Sunday, June 13, 2010

Hate that I'm feeling blue...

since i've not a decent explanation for being vanished from my blog for over 5 months other thn being lazy, i'll juz turn oblivion to that matter..anyway,profuse apology for that!

So i'll just do this in a way of confession about my emotions (as what PPD alwis tells us, it's crucial to acknowledge one's emotions.

The question is, am I unimportant?
I've given it a yes, im even feeling hurt in realization of it..And even though i feel like i've tried, to please, to be good, to do my part, to do it right, and somehow it feels exhausting already and it's tough to keep doing that but see no change, i still wonder what if. Like, what if i have done it all wrong? what if i havn't given my best? i've oso decided to give up sometimes, but then giving up is not the way, it's never the way, i'll salvage nothing by doing so. So what do i do if giving up is not an option? Perhaps starting with finding other ways to make a better person out of myself.

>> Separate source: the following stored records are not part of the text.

lemma sym_deriv:
  assumes R: "cring R" and A: "is_alg R A" and M: "module A M" and C: "is_alg R C"
    and g: "alg_hom R (Sym R A M) C g" and d: "derivation R A C (\<lambda>a. g (sq R A M a)) d"
    and \<mu>_closed: "\<And>m. m \<in> carrier M \<Longrightarrow> \<mu> m \<in> carrier C"
    and \<mu>_add: "\<And>m m'. m \<in> carrier M \<Longrightarrow> m' \<in> carrier M \<Longrightarrow> \<mu> (m \<oplus>\<^bsub>M\<^esub> m') = \<mu> m \<oplus>\<^bsub>C\<^esub> \<mu> m'"
    and \<mu>_smult: "\<And>a m. a \<in> carrier A \<Longrightarrow> m \<in> carrier M \<Longrightarrow>
        \<mu> (a \<odot>\<^bsub>M\<^esub> m) = g (sq R A M a) \<otimes>\<^bsub>C\<^esub> \<mu> m \<oplus>\<^bsub>C\<^esub> g (sj R A M m) \<otimes>\<^bsub>C\<^esub> d a"
  obtains \<delta> where "derivation R (Sym R A M) C g \<delta>"
    "\<And>a. a \<in> carrier A \<Longrightarrow> \<delta> (sq R A M a) = d a" "\<And>m. m \<in> carrier M \<Longrightarrow> \<delta> (sj R A M m) = \<mu> m"
proof -
  let ?S = "Sym R A M"
  let ?\<psi> = "\<lambda>x. case x of SA a \<Rightarrow> d a | SM m \<Rightarrow> \<mu> m"
  have rel: "deriv_pexpr R C (\<lambda>x. g (gen ?S x)) ?\<psi> p = deriv_pexpr R C (\<lambda>x. g (gen ?S x)) ?\<psi> q"
    if "(p, q) \<in> sym_rel R A M" for p q
    using that deriv_pexpr_hom_rel[of p q R A SA C "\<lambda>x. g (gen ?S x)" ?\<psi>] d
    by (auto simp: sym_rel_def \<mu>_add \<mu>_smult sq_def sj_def)
  have \<psi>_closed: "?\<psi> x \<in> carrier C" if "x \<in> SA ` carrier A \<union> SM ` carrier M" for x
    using that by (auto simp: derivation_closed[OF d] \<mu>_closed)
  obtain \<delta> where \<delta>: "derivation R ?S C g \<delta>"
    "\<forall>x\<in>SA ` carrier A \<union> SM ` carrier M. \<delta> (gen ?S x) = ?\<psi> x"
    by (rule pres_deriv[OF Sym_def R C sym_rel_wf[OF A M] g \<psi>_closed rel])
  show ?thesis by (rule that[OF \<delta>(1)]) (simp_all add: \<delta>(2) sq_def sj_def)
qed
(* Let $a\in\mathbb{C}$, let $v=\{v_n\}_{n=1}^\infty\in\ell^1(\mathbb{N})$ be a complex sequence and $V=\mathrm{diag}(v_1,v_2,\dots)$. Then \[ \sigma_{\mathrm p}(J_a+V)\subset\{\pm2\}\cup\Big\{z\in\mathbb{C}\setminus[-2,2]\ \Big|\ \sqrt{|z^2-4|}\le g_a(z)\,\|v\|_{\ell^1}\Big\}. \]
   Context: $\mathbb{N}=\{1,2,\dots\}$. For $a\in\mathbb{C}$, $J_a$ is the operator on $\ell^2(\mathbb{N})$ with $(J_a\psi)_1=a\psi_1+\psi_2$ and $(J_a\psi)_n=\psi_{n-1}+\psi_{n+1}$ for $n\ge2$. Every $z\in\mathbb{C}\setminus[-2,2]$ can be written uniquely as $z=k+k^{-1}$ with $0<|k|<1$, and for such $z$ one defines \[ g_a(z):=\sup_{n\in\mathbb{N}}\Big|1-\frac{k-a}{1-ak}\,k^{2n-1}\Big|, \] with the convention $g_a(a+a^{-1})=+\infty$ when $|a|>1$ (where $1-ak=0$). $\sigma_{\mathrm p}$ denotes the set of eigenvalues. *)

theory Defs
  imports "HOL-Analysis.Analysis"
begin

text \<open>Sequences indexed by the paper's N = {1,2,...} are represented 0-based:
  the paper's psi_n is our psi (n - 1).\<close>

definition l2seq :: "(nat \<Rightarrow> complex) \<Rightarrow> bool" where
  "l2seq \<psi> \<longleftrightarrow> summable (\<lambda>n. (cmod (\<psi> n))\<^sup>2)"

definition jacobi_apply :: "complex \<Rightarrow> (nat \<Rightarrow> complex) \<Rightarrow> (nat \<Rightarrow> complex) \<Rightarrow> nat \<Rightarrow> complex" where
  "jacobi_apply a v \<psi> n =
     (if n = 0 then a * \<psi> 0 + \<psi> 1 else \<psi> (n - 1) + \<psi> (n + 1)) + v n * \<psi> n"

definition point_spectrum :: "complex \<Rightarrow> (nat \<Rightarrow> complex) \<Rightarrow> complex set" where
  "point_spectrum a v =
     {z. \<exists>\<psi>. l2seq \<psi> \<and> \<psi> \<noteq> (\<lambda>_. 0) \<and> (\<forall>n. jacobi_apply a v \<psi> n = z * \<psi> n)}"
text \<open>The columns are read off from \<open>f y = max\<^sub>i (u i - (x i - y))\<close>: \<open>f\<close> starts at 0 and
  grows by at most one per step, so it counts the points of a set of columns, and the
  telescoped gap inequality makes its value at \<open>y = x i\<close> equal to \<open>u i\<close>.\<close>

lemma column_selection:
  assumes pu: "partition u" and x: "gaps_dominate x u"
  shows "\<exists>C. \<forall>i. count_below C (x i) = u i"
proof -
  obtain N where N: "\<And>i. N \<le> i \<Longrightarrow> u i = 0" using partition_eventually_zero[OF pu] by blast
  define g where "g y i = u i - (x i - y)" for y i
  define f where "f y = Max (g y ` {..N})" for y
  have fin: "finite (g y ` {..N})" "g y ` {..N} \<noteq> {}" for y by auto
  have f0: "f 0 = 0"
    using gaps_dominate_ge[OF pu x] by (simp add: f_def g_def)
  have f_step: "f y \<le> f (Suc y) \<and> f (Suc y) \<le> Suc (f y)" for y
  proof
    have "f y \<in> g y ` {..N}" unfolding f_def by (rule Max_in[OF fin])
    then obtain i where i: "i \<le> N" "f y = g y i" by auto
    have "g y i \<le> g (Suc y) i" unfolding g_def by simp
    also have "\<dots> \<le> f (Suc y)" unfolding f_def using fin i(1) by simp
    finally show "f y \<le> f (Suc y)" using i(2) by simp
  next
    have "g (Suc y) i \<le> Suc (f y)" if "i \<le> N" for i
    proof -
      have "g y i \<le> f y" unfolding f_def using fin that by simp
      then show ?thesis unfolding g_def by linarith
    qed
    then show "f (Suc y) \<le> Suc (f y)" unfolding f_def using fin by simp
  qed
  have "f (x i) = u i" for i
  proof (rule antisym)
    have "g (x i) j \<le> u i" for j
    proof (cases "j \<le> i")
      case True then show ?thesis using gaps_dominate_telescope[OF x True] unfolding g_def by linarith
    next
      case False then show ?thesis using partition_antimono[OF pu, of i j] unfolding g_def by simp
    qed
    then show "f (x i) \<le> u i" unfolding f_def using fin by simp
    show "u i \<le> f (x i)"
    proof (cases "i \<le> N")
      case True
      then have "g (x i) i \<in> g (x i) ` {..N}" by simp
      then show ?thesis unfolding f_def using fin by (simp add: g_def Max_ge_iff)
    qed (simp add: N)
  qed
  then show ?thesis using count_below_jumps[of f, OF f0 f_step] by metis
qed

But for now, I've decided, I SUCK.
*sigh...feeling much better

PS/ Cherlinn, you're right, feels good to be typing again haha

Wednesday, December 23, 2009

Helminths




Kok Joo's palm infested with both hookworm and Strongyloides Stercoralis.

Hookworm

Usually they're intestinal worms, I totally have no idea how they got to his palm, another medical mistery. Oh wait, did I just disclose my patient's name? nah...guess he wouldn't mind...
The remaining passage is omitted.